Assuming that it is conceded that the rollback could have been appropriately applied in a previous year, and is therefore applied retroactively, the issue of tax refunds (if refunds are in order) will be governed by the provisions of A.C.A. § 26-35-901. The common law “voluntariness doctrine” may also be applicable. This office analyzed A.C.A. § 26-35-901 in Opinion No. 88-294 (a copy of which is enclosed), and concluded that where a claim for the refund of erroneously assessed and collected taxes has been validly, factually established, the statute requires that the refund be made from the entity which holds the revenues. In that opinion, this office pointed out that a primary consideration in relation to any question of tax refunds is the “voluntariness doctrine,” which, under certain circumstances, precludes the refund of taxes that were voluntarily paid. For further discussion of the “voluntariness doctrine,” see Op. Att’y Gen. No. 89-164, a copy of which is enclosed. The voluntariness doctrine may preclude refunds in the situation about which you have inquired.

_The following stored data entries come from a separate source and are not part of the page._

lemma Prob_p_A_E_le_0:
  assumes "locally_finite adj" and "\<And>u v. adj u v \<Longrightarrow> adj v u"
    and "e \<in> edges adj" and "p \<le> 0"
  shows "Prob_p adj p (A_E adj x e F) = 0"
proof -
  interpret prob_space "perc adj p" by (rule prob_space_perc)
  have "AE \<omega> in perc adj p. \<not> \<omega> e"
    using assms(3) set_pmf_bernoulli_le_0[OF assms(4)] by (intro AE_perc_edge) auto
  then have "AE \<omega> in perc adj p. \<omega> \<notin> {\<omega> \<in> space (perc adj p). A_E adj x e F \<omega>}"
    by eventually_elim (auto simp: A_E_def)
  then show ?thesis
    unfolding Prob_p_def using prob_eq_0[OF sets_perc_A_E[OF assms(1-3)]] by simp
qed

lemma cutset_sum_V_ge_1:
  assumes "locally_finite adj" and "\<And>u v. adj u v \<Longrightarrow> adj v u"
    and "infinite (UNIV :: 'a set)" and "graph_connected adj"
    and "S \<in> finite_conn_sets adj (x :: 'a)" and "1 \<le> p"
  shows "1 \<le> cutset_sum_V adj x p (outer_vboundary adj S)"
proof -
  interpret prob_space "perc adj p" by (rule prob_space_perc)
  let ?B = "outer_vboundary adj S"
  have "finite S" and "x \<in> S" and "connected_vset adj S"
    using assms(5) by (auto simp: finite_conn_sets_def)
  obtain y v where y: "y \<in> S" "v \<notin> S" "adj y v"
    using ex_edge_leaving_finite_set[OF \<open>finite S\<close> \<open>x \<in> S\<close> assms(3,4)] by blast
  then have "v \<in> ?B"
    by (auto simp: outer_vboundary_def)
  let ?W = "?B - {v}"
  have "(\<lambda>a b. adj a b \<and> a \<in> S \<and> b \<in> S)\<^sup>*\<^sup>* x y"
    using \<open>connected_vset adj S\<close> \<open>x \<in> S\<close> y(1) by (simp add: connected_vset_def)
  then have "(\<lambda>u w. adj u w \<and> u \<notin> ?W \<and> w \<notin> ?W)\<^sup>*\<^sup>* x y"
    by (rule mono_rtranclp[rule_format, rotated]) (auto simp: outer_vboundary_def)
  moreover have "y \<notin> ?W" and "v \<notin> ?W"
    using y by (auto simp: outer_vboundary_def)
  ultimately have "(\<lambda>u w. adj u w \<and> u \<notin> ?W \<and> w \<notin> ?W)\<^sup>*\<^sup>* x v"
    using y(3) by (auto intro: rtranclp.rtrancl_into_rtrancl)
  from AE_perc_open_path[OF assms(6) this] have "AE \<omega> in perc adj p. A_V adj x v ?B \<omega>"
    using \<open>x \<in> S\<close> by (auto simp: A_V_def open_conn_avoid_V_def outer_vboundary_def)
  then have "Prob_p adj p (A_V adj x v ?B) = 1"
    unfolding Prob_p_def using prob_Collect_eq_1[OF sets_perc_A_V[OF assms(1,2)]] by simp
  moreover have "Prob_p adj p (A_V adj x v ?B) \<le> cutset_sum_V adj x p ?B"
    unfolding cutset_sum_V_def using \<open>v \<in> ?B\<close> finite_outer_vboundary[OF assms(1) \<open>finite S\<close>]
    by (intro member_le_sum) (auto simp: Prob_p_def)
  ultimately show ?thesis by simp
qed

The question of tax refunds is always very fact-intensive and will turn largely upon the evidence that is adduced in support of the claim for refunds, as well as the evidence presented in support of the applicability of the “voluntariness doctrine.” Similarly, the question of responsibility for payment of refunds is also quite fact-oriented, and must involve a consideration of the particular manner of and parties involved in collection and disbursement. For these reasons, I cannot opine conclusively in response to your question. I merely point you to the governing statute, to the previous opinions of this office, and to the cases cited therein regarding refunds and the voluntariness doctrine. These sources of law and information may be used as guidelines in determining the appropriate course of action.
Finally, with regard to all of your questions, I reiterate that issues surrounding Amendment 59 are particularly thorny, and are likely to remain so until such time as further judicial or legislative clarification has been provided.
The foregoing opinion, which I hereby approve, was prepared by Assistant Attorney General Suzanne Antley.